• DATA SUPPLIED:
(* Let $K$ be a field, $Q$ the bipartite type $A$ quiver with vertices $y_0,x_1,\dots,x_n,y_n$ and arrows $\alpha_i\colon x_i\to y_{i-1}$, $\beta_i\colon x_i\to y_i$, $\mathbf{d}$ a dimension vector, and $\mathbf{r}$ a quiver rank array. A matrix $Z\in Y^{\mathbf{w}}_\circ$ satisfies $\operatorname{rank}Z_{i\times j}=\mathbf{b}(\mathbf{r})_{i,j}$ for all $1\le i,j\le 2n+1$ if and only if $Z=\zeta(V)$ for some $V\in\mathrm{rep}_Q(\mathbf{d})$ satisfying $\mathbf{r}$.
   Context: $\mathrm{rep}_Q(\mathbf{d})$: tuples $V=(V_a)$, $V_a\in\mathrm{Mat}_{\mathbf{d}(ha)\times\mathbf{d}(ta)}(K)$, with $\mathbf{GL}(\mathbf{d})$ acting by $g\cdot V=(g_{ha}V_ag_{ta}^{-1})$. Intervals are nonempty sets of consecutive vertices with the arrows between them. $M_Q(V)$ is the block matrix with block rows $y_0,\dots,y_n$ and block columns $x_n,\dots,x_1$, $V_{\alpha_i}$ in block $(y_{i-1},x_i)$, $V_{\beta_i}$ in block $(y_i,x_i)$, zeros elsewhere; $M_J(V)$ is its submatrix on the block rows of the $y$-vertices in $J$ and block columns of the $x$-vertices in $J$; $r_J(V)=\operatorname{rank}M_J(V)$. A quiver rank array is a function $\mathbf{r}$ on intervals such that some $V$ has $r_J(V)=\mathbf{r}_J$ for all $J$ ("$V$ satisfies $\mathbf{r}$"); $\mathcal{O}_\mathbf{r}$ is the set of such $V$. $d_x=\sum\mathbf{d}(x_i)$, $d_y=\sum\mathbf{d}(y_i)$, $d=d_x+d_y$; $Y^{\mathbf{w}}_\circ$ is the set of $d\times d$ matrices $\begin{pmatrix}*&\mathbf{1}_{d_y}\\ \mathbf{1}_{d_x}&0\end{pmatrix}$; $\zeta(V)=\begin{pmatrix}M_Q(V)&\mathbf{1}_{d_y}\\ \mathbf{1}_{d_x}&0\end{pmatrix}$. Row blocks have sizes $\mathbf{d}(y_0),\dots,\mathbf{d}(y_n),\mathbf{d}(x_n),\dots,\mathbf{d}(x_1)$, column blocks sizes $\mathbf{d}(x_n),\dots,\mathbf{d}(x_1),\mathbf{d}(y_0),\dots,\mathbf{d}(y_n)$, numbered $1..2n+1$; $Z_{i\times j}$ is the submatrix of block rows $1..i$ and block columns $1..j$. $\mathbf{b}(\mathbf{r})_{i,j}=\operatorname{rank}\zeta(V)_{i\times j}$ for any $V\in\mathcal{O}_\mathbf{r}$ (independent of the choice). *)

theory Defs
  imports "Jordan_Normal_Form.DL_Rank_Submatrix"
begin

text \<open>Bipartite type A quiver with vertices y_0, x_1, y_1, ..., x_n, y_n (in this linear order,
  position 2i = y_i, position 2i-1 = x_i), arrows alpha_i : x_i -> y_(i-1), beta_i : x_i -> y_i.
  A dimension vector is given by dx i = d(x_i) (1 <= i <= n) and dy i = d(y_i) (0 <= i <= n).
  A representation V is a pair (Va, Vb) with Va i = V_alpha_i and Vb i = V_beta_i.\<close>

type_synonym 'a qrep = "(nat \<Rightarrow> 'a mat) \<times> (nat \<Rightarrow> 'a mat)"

definition mrank :: "'a::field mat \<Rightarrow> nat" where
  "mrank A = vec_space.rank (dim_row A) A"

definition rep :: "nat \<Rightarrow> (nat \<Rightarrow> nat) \<Rightarrow> (nat \<Rightarrow> nat) \<Rightarrow> 'a::field qrep set" where
  "rep n dx dy = {(Va, Vb). \<forall>i\<in>{1..n}. Va i \<in> carrier_mat (dy (i - 1)) (dx i)
                                      \<and> Vb i \<in> carrier_mat (dy i) (dx i)}"

text \<open>Row offset of block row y_i (block rows y_0,...,y_n) and column offset of block column x_i
  (block columns x_n,...,x_1).\<close>
definition yoff :: "(nat \<Rightarrow> nat) \<Rightarrow> nat \<Rightarrow> nat" where
  "yoff dy i = (\<Sum>k<i. dy k)"

definition xoff :: "nat \<Rightarrow> (nat \<Rightarrow> nat) \<Rightarrow> nat \<Rightarrow> nat" where
  "xoff n dx i = (\<Sum>k\<in>{i<..n}. dx k)"

definition dimY :: "nat \<Rightarrow> (nat \<Rightarrow> nat) \<Rightarrow> nat" where
  "dimY n dy = (\<Sum>k\<le>n. dy k)"

definition dimX :: "nat \<Rightarrow> (nat \<Rightarrow> nat) \<Rightarrow> nat" where
  "dimX n dx = (\<Sum>k\<in>{1..n}. dx k)"

definition blk :: "nat \<Rightarrow> nat \<Rightarrow> 'a::zero mat \<Rightarrow> nat \<Rightarrow> nat \<Rightarrow> 'a" where
  "blk r c A p q = (if r \<le> p \<and> p < r + dim_row A \<and> c \<le> q \<and> q < c + dim_col A
                    then A $$ (p - r, q - c) else 0)"

definition MQ :: "nat \<Rightarrow> (nat \<Rightarrow> nat) \<Rightarrow> (nat \<Rightarrow> nat) \<Rightarrow> 'a::field qrep \<Rightarrow> 'a mat" where
  "MQ n dx dy V = mat (dimY n dy) (dimX n dx) (\<lambda>(p, q).
      \<Sum>i\<in>{1..n}. blk (yoff dy (i - 1)) (xoff n dx i) (fst V i) p q
                 + blk (yoff dy i) (xoff n dx i) (snd V i) p q)"

text \<open>Intervals are pairs (a,b) with a <= b <= 2n, the set of vertices at positions a..b.
  M_J(V): block rows of the y-vertices in J, block columns of the x-vertices in J.\<close>
definition MJ :: "nat \<Rightarrow> (nat \<Rightarrow> nat) \<Rightarrow> (nat \<Rightarrow> nat) \<Rightarrow> 'a::field qrep \<Rightarrow> nat \<times> nat \<Rightarrow> 'a mat" where
  "MJ n dx dy V J = submatrix (MQ n dx dy V)
      (\<Union>i\<in>{i. i \<le> n \<and> fst J \<le> 2 * i \<and> 2 * i \<le> snd J}. {yoff dy i..<yoff dy (Suc i)})
      (\<Union>i\<in>{i. 1 \<le> i \<and> i \<le> n \<and> fst J \<le> 2 * i - 1 \<and> 2 * i - 1 \<le> snd J}.
          {xoff n dx i..<xoff n dx i + dx i})"

definition intervals :: "nat \<Rightarrow> (nat \<times> nat) set" where
  "intervals n = {(a, b). a \<le> b \<and> b \<le> 2 * n}"

definition satisfies :: "nat \<Rightarrow> (nat \<Rightarrow> nat) \<Rightarrow> (nat \<Rightarrow> nat) \<Rightarrow> 'a::field qrep \<Rightarrow> (nat \<times> nat \<Rightarrow> nat) \<Rightarrow> bool" where
  "satisfies n dx dy V r = (\<forall>J\<in>intervals n. mrank (MJ n dx dy V J) = r J)"

definition orbit_r :: "nat \<Rightarrow> (nat \<Rightarrow> nat) \<Rightarrow> (nat \<Rightarrow> nat) \<Rightarrow> (nat \<times> nat \<Rightarrow> nat) \<Rightarrow> 'a::field qrep set" where
  "orbit_r n dx dy r = {V \<in> rep n dx dy. satisfies n dx dy V r}"

definition is_quiver_rank_array :: "'a::field itself \<Rightarrow> nat \<Rightarrow> (nat \<Rightarrow> nat) \<Rightarrow> (nat \<Rightarrow> nat) \<Rightarrow> (nat \<times> nat \<Rightarrow> nat) \<Rightarrow> bool" where
  "is_quiver_rank_array _ n dx dy r = (\<exists>V::'a qrep. V \<in> orbit_r n dx dy r)"

definition zeta :: "nat \<Rightarrow> (nat \<Rightarrow> nat) \<Rightarrow> (nat \<Rightarrow> nat) \<Rightarrow> 'a::field qrep \<Rightarrow> 'a mat" where
  "zeta n dx dy V = four_block_mat (MQ n dx dy V) (1\<^sub>m (dimY n dy)) (1\<^sub>m (dimX n dx)) (0\<^sub>m (dimX n dx) (dimY n dy))"

definition Yw :: "nat \<Rightarrow> (nat \<Rightarrow> nat) \<Rightarrow> (nat \<Rightarrow> nat) \<Rightarrow> 'a::field mat set" where
  "Yw n dx dy = {four_block_mat S (1\<^sub>m (dimY n dy)) (1\<^sub>m (dimX n dx)) (0\<^sub>m (dimX n dx) (dimY n dy)) | S.
                 S \<in> carrier_mat (dimY n dy) (dimX n dx)}"

definition row_blocks :: "nat \<Rightarrow> (nat \<Rightarrow> nat) \<Rightarrow> (nat \<Rightarrow> nat) \<Rightarrow> nat list" where
  "row_blocks n dx dy = map dy [0..<Suc n] @ map dx (rev [1..<Suc n])"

• TASK DETAILS:
Identify the lines in the entries that hold "forall" and return each one.

• EXPECTED OUTPUT:
  "rep n dx dy = {(Va, Vb). \<forall>i\<in>{1..n}. Va i \<in> carrier_mat (dy (i - 1)) (dx i)
  "satisfies n dx dy V r = (\<forall>J\<in>intervals n. mrank (MJ n dx dy V J) = r J)"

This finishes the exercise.